#### [Required action]
Please copy out the entries below exactly, beginning with the line that contains "(\<Sum>i\<in>UNIV. (norm (gv" and ending with the line that contains "i \<Longrightarrow> (\<psi>", and include nothing outside that span.

#### [Data]
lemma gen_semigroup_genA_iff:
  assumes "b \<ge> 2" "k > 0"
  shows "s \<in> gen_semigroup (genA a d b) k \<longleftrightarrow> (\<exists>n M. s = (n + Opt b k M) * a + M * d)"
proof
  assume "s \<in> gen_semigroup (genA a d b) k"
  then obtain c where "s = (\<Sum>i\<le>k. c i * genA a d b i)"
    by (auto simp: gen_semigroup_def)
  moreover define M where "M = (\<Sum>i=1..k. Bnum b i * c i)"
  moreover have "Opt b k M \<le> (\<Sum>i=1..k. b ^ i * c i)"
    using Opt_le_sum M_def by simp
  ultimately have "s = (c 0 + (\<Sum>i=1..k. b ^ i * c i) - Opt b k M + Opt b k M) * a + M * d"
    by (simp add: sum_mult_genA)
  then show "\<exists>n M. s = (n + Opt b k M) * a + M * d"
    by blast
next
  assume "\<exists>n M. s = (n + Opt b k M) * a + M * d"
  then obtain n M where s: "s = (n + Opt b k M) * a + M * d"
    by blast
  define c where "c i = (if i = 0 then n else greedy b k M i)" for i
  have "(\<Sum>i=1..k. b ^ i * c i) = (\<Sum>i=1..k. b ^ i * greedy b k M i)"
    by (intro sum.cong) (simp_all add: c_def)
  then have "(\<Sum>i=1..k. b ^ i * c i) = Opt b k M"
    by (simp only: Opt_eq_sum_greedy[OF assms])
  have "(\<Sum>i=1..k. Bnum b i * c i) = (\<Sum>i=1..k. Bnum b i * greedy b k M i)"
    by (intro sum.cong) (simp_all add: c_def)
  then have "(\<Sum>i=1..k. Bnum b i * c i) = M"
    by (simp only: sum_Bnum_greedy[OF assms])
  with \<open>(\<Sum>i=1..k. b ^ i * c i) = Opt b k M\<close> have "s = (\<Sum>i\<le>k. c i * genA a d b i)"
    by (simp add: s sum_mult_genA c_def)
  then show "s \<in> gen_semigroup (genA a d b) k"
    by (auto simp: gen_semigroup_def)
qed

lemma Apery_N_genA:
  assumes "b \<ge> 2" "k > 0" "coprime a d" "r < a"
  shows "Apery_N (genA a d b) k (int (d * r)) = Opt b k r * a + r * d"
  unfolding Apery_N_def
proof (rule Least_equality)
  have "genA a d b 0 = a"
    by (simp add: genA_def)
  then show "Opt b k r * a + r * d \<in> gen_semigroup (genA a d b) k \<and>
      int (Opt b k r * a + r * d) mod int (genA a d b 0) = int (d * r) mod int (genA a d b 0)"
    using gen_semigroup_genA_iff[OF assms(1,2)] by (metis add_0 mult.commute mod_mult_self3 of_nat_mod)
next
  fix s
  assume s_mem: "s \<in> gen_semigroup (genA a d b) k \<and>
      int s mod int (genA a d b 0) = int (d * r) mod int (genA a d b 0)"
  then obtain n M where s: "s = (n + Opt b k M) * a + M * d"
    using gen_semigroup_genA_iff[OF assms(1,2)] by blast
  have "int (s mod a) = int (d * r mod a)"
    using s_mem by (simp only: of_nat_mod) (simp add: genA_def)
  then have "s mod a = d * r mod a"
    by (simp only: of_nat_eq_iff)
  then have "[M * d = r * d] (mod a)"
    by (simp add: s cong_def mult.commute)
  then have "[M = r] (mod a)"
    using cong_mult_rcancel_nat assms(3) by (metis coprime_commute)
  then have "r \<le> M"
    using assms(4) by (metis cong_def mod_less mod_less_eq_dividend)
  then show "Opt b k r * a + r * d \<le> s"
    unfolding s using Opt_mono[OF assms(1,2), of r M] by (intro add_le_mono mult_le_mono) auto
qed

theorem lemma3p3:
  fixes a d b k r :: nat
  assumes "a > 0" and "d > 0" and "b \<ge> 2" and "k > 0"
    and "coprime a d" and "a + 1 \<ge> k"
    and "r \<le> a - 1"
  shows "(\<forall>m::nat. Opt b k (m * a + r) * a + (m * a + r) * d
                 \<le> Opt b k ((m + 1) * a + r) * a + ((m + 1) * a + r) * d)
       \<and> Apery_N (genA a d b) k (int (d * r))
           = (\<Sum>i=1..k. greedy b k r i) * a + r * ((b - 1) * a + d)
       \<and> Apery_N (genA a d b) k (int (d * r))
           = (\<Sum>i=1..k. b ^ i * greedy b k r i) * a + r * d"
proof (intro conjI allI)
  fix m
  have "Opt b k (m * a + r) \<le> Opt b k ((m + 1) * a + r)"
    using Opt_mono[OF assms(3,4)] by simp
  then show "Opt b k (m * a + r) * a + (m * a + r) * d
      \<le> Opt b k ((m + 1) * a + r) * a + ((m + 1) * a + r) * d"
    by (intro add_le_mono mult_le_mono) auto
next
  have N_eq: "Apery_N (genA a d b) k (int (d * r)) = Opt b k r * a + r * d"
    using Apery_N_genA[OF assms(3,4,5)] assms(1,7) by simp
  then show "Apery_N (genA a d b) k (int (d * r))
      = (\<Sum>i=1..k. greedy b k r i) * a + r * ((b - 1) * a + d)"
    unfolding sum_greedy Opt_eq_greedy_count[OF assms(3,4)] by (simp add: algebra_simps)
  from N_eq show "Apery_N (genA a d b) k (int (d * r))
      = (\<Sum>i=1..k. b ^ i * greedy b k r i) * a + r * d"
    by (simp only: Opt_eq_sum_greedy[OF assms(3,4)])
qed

...

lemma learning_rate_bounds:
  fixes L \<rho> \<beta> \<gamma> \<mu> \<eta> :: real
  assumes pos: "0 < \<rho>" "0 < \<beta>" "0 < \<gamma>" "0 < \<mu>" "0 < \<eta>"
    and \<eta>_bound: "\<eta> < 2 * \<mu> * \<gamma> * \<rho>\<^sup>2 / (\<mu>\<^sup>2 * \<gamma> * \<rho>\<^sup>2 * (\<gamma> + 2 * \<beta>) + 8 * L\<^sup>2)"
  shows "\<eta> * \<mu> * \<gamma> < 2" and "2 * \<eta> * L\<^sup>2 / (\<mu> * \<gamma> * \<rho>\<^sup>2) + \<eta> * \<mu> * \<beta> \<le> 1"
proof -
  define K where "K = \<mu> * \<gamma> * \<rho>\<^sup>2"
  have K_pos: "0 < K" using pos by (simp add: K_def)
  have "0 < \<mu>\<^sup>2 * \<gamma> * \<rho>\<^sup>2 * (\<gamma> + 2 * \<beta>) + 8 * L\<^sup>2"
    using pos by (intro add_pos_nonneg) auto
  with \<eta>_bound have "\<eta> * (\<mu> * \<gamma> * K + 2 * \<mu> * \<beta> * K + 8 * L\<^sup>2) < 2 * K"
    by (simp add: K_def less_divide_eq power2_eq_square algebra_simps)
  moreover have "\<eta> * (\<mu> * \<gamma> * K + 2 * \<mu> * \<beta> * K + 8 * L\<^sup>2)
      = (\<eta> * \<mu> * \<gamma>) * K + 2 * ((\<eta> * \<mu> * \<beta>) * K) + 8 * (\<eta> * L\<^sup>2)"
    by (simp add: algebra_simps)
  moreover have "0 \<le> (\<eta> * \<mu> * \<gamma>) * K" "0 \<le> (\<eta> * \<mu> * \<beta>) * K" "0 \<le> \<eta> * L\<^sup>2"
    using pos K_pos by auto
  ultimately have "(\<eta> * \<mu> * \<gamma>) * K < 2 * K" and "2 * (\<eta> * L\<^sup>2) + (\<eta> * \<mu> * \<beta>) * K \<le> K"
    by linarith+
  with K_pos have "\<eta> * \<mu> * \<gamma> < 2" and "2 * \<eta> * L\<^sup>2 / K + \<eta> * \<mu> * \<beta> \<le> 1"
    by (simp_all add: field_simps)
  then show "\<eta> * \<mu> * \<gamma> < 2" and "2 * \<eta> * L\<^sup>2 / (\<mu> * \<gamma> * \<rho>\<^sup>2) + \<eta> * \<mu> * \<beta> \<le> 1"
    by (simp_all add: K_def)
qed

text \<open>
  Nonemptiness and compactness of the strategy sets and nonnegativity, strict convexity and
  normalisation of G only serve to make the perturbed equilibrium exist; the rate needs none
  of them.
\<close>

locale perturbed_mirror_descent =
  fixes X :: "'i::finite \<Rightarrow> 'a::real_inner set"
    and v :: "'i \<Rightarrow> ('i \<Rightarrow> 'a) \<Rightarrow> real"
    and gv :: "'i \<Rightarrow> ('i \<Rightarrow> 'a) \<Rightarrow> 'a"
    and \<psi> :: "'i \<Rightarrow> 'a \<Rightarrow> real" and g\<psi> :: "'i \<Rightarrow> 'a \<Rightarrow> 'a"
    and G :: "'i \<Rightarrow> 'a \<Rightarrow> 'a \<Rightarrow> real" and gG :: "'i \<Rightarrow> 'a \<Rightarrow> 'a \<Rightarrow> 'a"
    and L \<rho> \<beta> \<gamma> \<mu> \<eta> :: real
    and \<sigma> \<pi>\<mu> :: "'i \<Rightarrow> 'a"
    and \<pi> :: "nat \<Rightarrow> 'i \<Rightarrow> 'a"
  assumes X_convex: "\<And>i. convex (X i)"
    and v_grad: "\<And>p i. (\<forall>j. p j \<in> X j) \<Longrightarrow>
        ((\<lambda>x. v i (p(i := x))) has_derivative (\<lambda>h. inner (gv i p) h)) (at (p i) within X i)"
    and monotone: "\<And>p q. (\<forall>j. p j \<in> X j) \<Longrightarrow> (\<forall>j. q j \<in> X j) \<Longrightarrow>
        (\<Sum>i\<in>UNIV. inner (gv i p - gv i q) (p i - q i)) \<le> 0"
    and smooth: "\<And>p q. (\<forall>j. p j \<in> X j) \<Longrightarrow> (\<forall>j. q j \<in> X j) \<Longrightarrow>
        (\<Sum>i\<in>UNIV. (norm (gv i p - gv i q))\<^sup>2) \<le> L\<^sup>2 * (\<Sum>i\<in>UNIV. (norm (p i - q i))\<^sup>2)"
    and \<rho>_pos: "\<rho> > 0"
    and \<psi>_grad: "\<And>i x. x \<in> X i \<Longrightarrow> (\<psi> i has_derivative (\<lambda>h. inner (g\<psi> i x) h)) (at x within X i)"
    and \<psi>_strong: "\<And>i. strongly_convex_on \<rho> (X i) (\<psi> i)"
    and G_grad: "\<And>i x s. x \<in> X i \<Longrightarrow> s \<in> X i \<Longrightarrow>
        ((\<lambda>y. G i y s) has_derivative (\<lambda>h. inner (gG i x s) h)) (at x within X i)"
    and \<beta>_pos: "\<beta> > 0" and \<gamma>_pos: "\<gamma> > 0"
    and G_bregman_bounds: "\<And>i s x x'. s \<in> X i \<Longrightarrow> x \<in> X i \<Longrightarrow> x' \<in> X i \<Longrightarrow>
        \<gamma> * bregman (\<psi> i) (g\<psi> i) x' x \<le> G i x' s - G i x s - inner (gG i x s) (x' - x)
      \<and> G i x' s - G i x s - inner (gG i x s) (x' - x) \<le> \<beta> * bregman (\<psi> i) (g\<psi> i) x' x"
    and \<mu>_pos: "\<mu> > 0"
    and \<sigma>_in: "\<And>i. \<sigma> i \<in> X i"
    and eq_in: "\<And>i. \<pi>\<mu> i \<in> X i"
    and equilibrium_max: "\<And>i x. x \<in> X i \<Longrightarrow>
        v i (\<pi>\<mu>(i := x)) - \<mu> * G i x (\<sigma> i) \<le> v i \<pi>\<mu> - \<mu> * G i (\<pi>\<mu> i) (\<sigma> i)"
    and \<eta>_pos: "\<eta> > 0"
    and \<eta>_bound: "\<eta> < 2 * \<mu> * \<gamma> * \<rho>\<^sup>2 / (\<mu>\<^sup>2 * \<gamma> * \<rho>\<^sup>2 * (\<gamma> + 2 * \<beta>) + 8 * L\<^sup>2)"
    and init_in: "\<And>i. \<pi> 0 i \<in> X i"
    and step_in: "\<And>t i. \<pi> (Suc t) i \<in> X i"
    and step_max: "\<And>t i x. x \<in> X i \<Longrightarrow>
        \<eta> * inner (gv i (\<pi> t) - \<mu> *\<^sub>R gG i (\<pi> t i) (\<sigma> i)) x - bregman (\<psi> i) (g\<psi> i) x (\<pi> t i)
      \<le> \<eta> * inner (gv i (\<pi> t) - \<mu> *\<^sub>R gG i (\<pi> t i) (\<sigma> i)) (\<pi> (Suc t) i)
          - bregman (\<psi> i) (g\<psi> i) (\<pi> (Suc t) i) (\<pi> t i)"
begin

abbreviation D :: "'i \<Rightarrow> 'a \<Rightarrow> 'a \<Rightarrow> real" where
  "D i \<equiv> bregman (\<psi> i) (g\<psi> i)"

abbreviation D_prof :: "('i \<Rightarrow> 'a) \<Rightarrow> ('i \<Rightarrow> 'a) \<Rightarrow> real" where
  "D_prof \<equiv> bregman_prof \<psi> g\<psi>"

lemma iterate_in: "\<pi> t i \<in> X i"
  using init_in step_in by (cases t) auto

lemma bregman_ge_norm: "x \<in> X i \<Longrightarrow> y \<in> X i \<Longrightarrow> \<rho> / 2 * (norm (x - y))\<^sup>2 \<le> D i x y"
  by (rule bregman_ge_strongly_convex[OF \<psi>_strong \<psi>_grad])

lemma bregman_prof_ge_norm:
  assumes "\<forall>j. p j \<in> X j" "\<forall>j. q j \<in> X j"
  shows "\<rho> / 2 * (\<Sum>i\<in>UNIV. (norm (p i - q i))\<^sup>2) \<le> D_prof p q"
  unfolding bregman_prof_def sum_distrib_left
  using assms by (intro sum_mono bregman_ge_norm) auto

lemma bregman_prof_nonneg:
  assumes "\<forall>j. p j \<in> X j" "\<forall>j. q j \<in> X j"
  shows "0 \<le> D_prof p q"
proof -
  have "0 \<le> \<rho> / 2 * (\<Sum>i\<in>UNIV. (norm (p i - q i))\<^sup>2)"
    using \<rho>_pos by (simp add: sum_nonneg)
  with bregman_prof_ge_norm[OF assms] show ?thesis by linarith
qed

#### [Output of the exercise]
        (\<Sum>i\<in>UNIV. (norm (gv i p - gv i q))\<^sup>2) \<le> L\<^sup>2 * (\<Sum>i\<in>UNIV. (norm (p i - q i))\<^sup>2)"
    and \<rho>_pos: "\<rho> > 0"
    and \<psi>_grad: "\<And>i x. x \<in> X i \<Longrightarrow> (\<psi> i has_derivative (\<lambda>h. inner (g\<psi> i x) h)) (at x within X i)"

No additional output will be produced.